Lately while reading up on Ham Radio I stumbled across Gerald Youngblood's (AC5OG) excellent article series "A Software Defined Radio for the Masses". It was a 4-part series published in QEX from August 2002 to April 2003. I strongly recommend anyone interested in DSP, Ham Radio, and especially Software Defined Radio (SDR) to read this series. Copies of the PDFs are listed below.
Again, the series is excellent but the implementation is Windows only, uses Visual Basic as well as an outdated version of DirectX, and relies on Intel's discontinued DSP library. (It seems it has since been folded in to their Math Kernel Libraries (MKL) which is not free). I aim to provide a cross-platform, more efficient software implementation. The Tayloe detector is an ingeniously simple mechanism for capturing the signal so the hardware will likely remain the same, but the software will be completely rewritten.
Since Youngblood did such an excellent job of explaining above, I'll skip much of the DSP theory. Suffice to say, we are capturing a signal and feeding it to a PC's sound card for processing. The bread and butter of signal processing: mixing, downconverting, filtering, sampling, and analyzing, will take place entirely in software. This means it should be comparatively trivial to change the functionality of the system, such as switching modulation techniques or frequencies.
The hardware is purposefully kept to a bare minimum. The core is an ingenious device known as a Tayloe detector. See Youngblood's diagram for an explanation. Notice the overall hardware architecture contains very few components other than the Tayloe detector.

The system uses Quadrature sampling, a technique enabling demodulation of virtually anything with just two values, the I (In-Phase) and Q (Quadrature) components. See Quadrature Signals: Complex but not Complicated by Richard Lyons. Try not to facepalm once you get the joke.
Software architecture from Youngblood:

Once the I and Q signals are passed to the sound card the software takes over. For this project I will first implement a 'mock up' in Python for clarity and ease of prototyping and then write the real version in C++ for performance. However, the Python implementation seems to be running quite fast so far, probably because I am utilizing the excellent NumPy and SciPy libraries, which have routines such as the FFT written in FORTRAN.
First I use PyAudio to capture the data from the sound card. The C++ implementation uses OpenAL for cross platform support. After sampling a "chunk" (1024 bytes), the bytestream is converted to an array of signed integers, and the Discrete Fourier Transform, or Fast Fourier Transform (FFT - a fast way to take the DFT based on the seminal Cooley-Tukey algorithm) is taken to convert the signal from the time domain to the frequency domain. The C++ implementation will either use a hand-written FFT routine or a trial version of Intel's MKL for performance. I am also investigating CuFFT, nVidia's massively parallel FFT implementation using the GPU. We now have an array of complex values (love Python's built in complex number support!) which we treat as cartesian in the complex plane and convert to Polar form. Now shift it to the Intermediate Frequency (IF) and demodulate appropriately.

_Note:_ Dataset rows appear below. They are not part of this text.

(* Let $q$ be an odd prime power and $\mathcal{L}'$ as in the context. Then there is no plane $\pi$ of $\mathrm{PG}(3,q)$ with $\mathsf{Line}(\pi)\subseteq\mathcal{L}'$ or $\mathsf{Line}(\pi)\cap\mathcal{L}'=\emptyset$, and there is no point $P$ with $\mathsf{Star}(P)\subseteq\mathcal{L}'$ or $\mathsf{Star}(P)\cap\mathcal{L}'=\emptyset$.
   Context: $\mathrm{PG}(3,q)$ is the 3-dimensional projective space over $\mathbb{F}_q$. $\mathsf{Star}(P)$ is the set of lines through the point $P$, $\mathsf{Line}(\pi)$ the set of lines in the plane $\pi$. Bruen-Drudge construction: $q$ odd, $\mathcal{Q}$ an elliptic quadric of $\mathrm{PG}(3,q)$ with quadratic form $\mathsf{Q}$. For $P\in\mathcal{Q}$, $\tau_P$ is the tangent plane at $P$ and the tangent lines at $P$ are the $q+1$ lines through $P$ in $\tau_P$. Each point $P'\neq P$ on such a tangent line is off $\mathcal{Q}$, and whether $\mathsf{Q}(v)$ is a nonzero square in $\mathbb{F}_q$ for a vector $v$ representing $P'$ is independent of the choice of $P'\ne P$ on the line and of $v$. Let $\mathcal{T}_P^1$ be the set of tangent lines at $P$ whose points $P'\ne P$ have $\mathsf{Q}(P')$ a square, and $\mathcal{T}_P^2$ the remaining tangent lines at $P$. Put $\mathcal{T}^i=\bigcup_{P\in\mathcal{Q}}\mathcal{T}_P^i$ ($i=1,2$), and let $\mathcal{S}$ be the set of secant lines (meeting $\mathcal{Q}$ in 2 points). The Bruen-Drudge line class is $\mathcal{L}=\mathcal{S}\cup\mathcal{T}^1$. Fix $P_1\in\mathcal{Q}$ and define the switched class $\mathcal{L}':=\bigl(\mathcal{L}\cup(\mathsf{Line}(\tau_{P_1})\setminus\mathsf{Star}(P_1))\bigr)\setminus(\mathsf{Star}(P_1)\setminus\mathsf{Line}(\tau_{P_1}))$. *)

theory Defs
  imports "HOL-Analysis.Finite_Cartesian_Product" "HOL-Library.Numeral_Type"
begin

text \<open>PG(3,q) over a finite field 'a with q = CARD('a) elements. Vectors live in 'a^4.
 Points, lines, planes of PG(3,q) are the 1-, 2-, 3-dimensional subspaces of 'a^4
 (represented as sets of vectors); incidence is inclusion.\<close>

type_synonym 'a vec4 = "'a ^ 4"

definition span1 :: "'a::field vec4 \<Rightarrow> 'a vec4 set" where
  "span1 u = {c *s u | c. True}"

definition span2 :: "'a::field vec4 \<Rightarrow> 'a vec4 \<Rightarrow> 'a vec4 set" where
  "span2 u v = {a *s u + b *s v | a b. True}"

definition span3 :: "'a::field vec4 \<Rightarrow> 'a vec4 \<Rightarrow> 'a vec4 \<Rightarrow> 'a vec4 set" where
  "span3 u v w = {a *s u + b *s v + c *s w | a b c. True}"

definition indep2 :: "'a::field vec4 \<Rightarrow> 'a vec4 \<Rightarrow> bool" where
  "indep2 u v \<longleftrightarrow> (\<forall>a b. a *s u + b *s v = 0 \<longrightarrow> a = 0 \<and> b = 0)"

definition indep3 :: "'a::field vec4 \<Rightarrow> 'a vec4 \<Rightarrow> 'a vec4 \<Rightarrow> bool" where
  "indep3 u v w \<longleftrightarrow> (\<forall>a b c. a *s u + b *s v + c *s w = 0 \<longrightarrow> a = 0 \<and> b = 0 \<and> c = 0)"

definition pg_point :: "'a::field vec4 set \<Rightarrow> bool" where
  "pg_point P \<longleftrightarrow> (\<exists>u. u \<noteq> 0 \<and> P = span1 u)"

definition pg_line :: "'a::field vec4 set \<Rightarrow> bool" where
  "pg_line l \<longleftrightarrow> (\<exists>u v. indep2 u v \<and> l = span2 u v)"

definition pg_plane :: "'a::field vec4 set \<Rightarrow> bool" where
  "pg_plane \<pi> \<longleftrightarrow> (\<exists>u v w. indep3 u v w \<and> \<pi> = span3 u v w)"

definition Star :: "'a::field vec4 set \<Rightarrow> 'a vec4 set set" where
  "Star P = {l. pg_line l \<and> P \<subseteq> l}"

definition Line :: "'a::field vec4 set \<Rightarrow> 'a vec4 set set" where
  "Line \<pi> = {l. pg_line l \<and> l \<subseteq> \<pi>}"

definition quadratic_form :: "('a::field vec4 \<Rightarrow> 'a) \<Rightarrow> bool" where
  "quadratic_form Q \<longleftrightarrow> (\<exists>c :: 4 \<Rightarrow> 4 \<Rightarrow> 'a. \<forall>v. Q v = (\<Sum>i\<in>UNIV. \<Sum>j\<in>UNIV. c i j * v$i * v$j))"

definition polar :: "('a::field vec4 \<Rightarrow> 'a) \<Rightarrow> 'a vec4 \<Rightarrow> 'a vec4 \<Rightarrow> 'a" where
  "polar Q u w = Q (u + w) - Q u - Q w"

definition nondegenerate :: "('a::field vec4 \<Rightarrow> 'a) \<Rightarrow> bool" where
  "nondegenerate Q \<longleftrightarrow> (\<forall>u. (\<forall>w. polar Q u w = 0) \<longrightarrow> u = 0)"

definition elliptic_form :: "('a::field vec4 \<Rightarrow> 'a) \<Rightarrow> bool" where
  "elliptic_form Q \<longleftrightarrow> quadratic_form Q \<and> nondegenerate Q \<and>
     \<not> (\<exists>l. pg_line l \<and> (\<forall>v\<in>l. Q v = 0))"

definition quadric_points :: "('a::field vec4 \<Rightarrow> 'a) \<Rightarrow> 'a vec4 set set" where
  "quadric_points Q = {P. pg_point P \<and> (\<forall>v\<in>P. Q v = 0)}"

definition tangent_plane :: "('a::field vec4 \<Rightarrow> 'a) \<Rightarrow> 'a vec4 set \<Rightarrow> 'a vec4 set" where
  "tangent_plane Q P = {w. \<forall>v\<in>P. polar Q v w = 0}"

definition tangent_lines :: "('a::field vec4 \<Rightarrow> 'a) \<Rightarrow> 'a vec4 set \<Rightarrow> 'a vec4 set set" where
  "tangent_lines Q P = Star P \<inter> Line (tangent_plane Q P)"

definition nz_square :: "'a::field \<Rightarrow> bool" where
  "nz_square x \<longleftrightarrow> x \<noteq> 0 \<and> (\<exists>c. x = c * c)"

definition T1_at :: "('a::field vec4 \<Rightarrow> 'a) \<Rightarrow> 'a vec4 set \<Rightarrow> 'a vec4 set set" where
  "T1_at Q P = {l \<in> tangent_lines Q P. \<forall>v\<in>l. v \<notin> P \<longrightarrow> nz_square (Q v)}"

definition T1 :: "('a::field vec4 \<Rightarrow> 'a) \<Rightarrow> 'a vec4 set set" where
  "T1 Q = (\<Union>P\<in>quadric_points Q. T1_at Q P)"

definition secants :: "('a::field vec4 \<Rightarrow> 'a) \<Rightarrow> 'a vec4 set set" where
  "secants Q = {l. pg_line l \<and> card {P \<in> quadric_points Q. P \<subseteq> l} = 2}"

definition bruen_drudge :: "('a::field vec4 \<Rightarrow> 'a) \<Rightarrow> 'a vec4 set set" where
  "bruen_drudge Q = secants Q \<union> T1 Q"

definition switched_class :: "('a::field vec4 \<Rightarrow> 'a) \<Rightarrow> 'a vec4 set \<Rightarrow> 'a vec4 set set" where
  "switched_class Q P1 =
     (bruen_drudge Q \<union> (Line (tangent_plane Q P1) - Star P1)) - (Star P1 - Line (tangent_plane Q P1))"

end

theory Submission
  imports Defs "HOL-Analysis.Cartesian_Space"
begin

If we are receiving CW (Carrier-Wave) signals we are pretty much done, but let's do SSB (Single Side Band) demodulation just to show the power and simplicity of the SDR. Now zero out the appropriate half of the array for sideband selection and run a simple convolution filter.
Now regardless of modulation technique we reverse the first few steps from before. Convert from Polar back to complex cartesian, and run the Inverse FFT (also provided by SciPy) to convert the signal back to the time domain. From here we can perform additional processing such as filtering and providing automatic gain control (AGC), and write to a .wav file or send it to the audio output buffer for listening.
I'm kind of a minimalist so most of my C and C++ experience is with gcc and vim on linux. For this project though I decided to teach myself Visual Studio and work with win32 and the microsoft compilers. Even though MSVC still doesn't even support ANSI99...it's good to have diverse experience. The finished code will compile and run on linux and mac as well.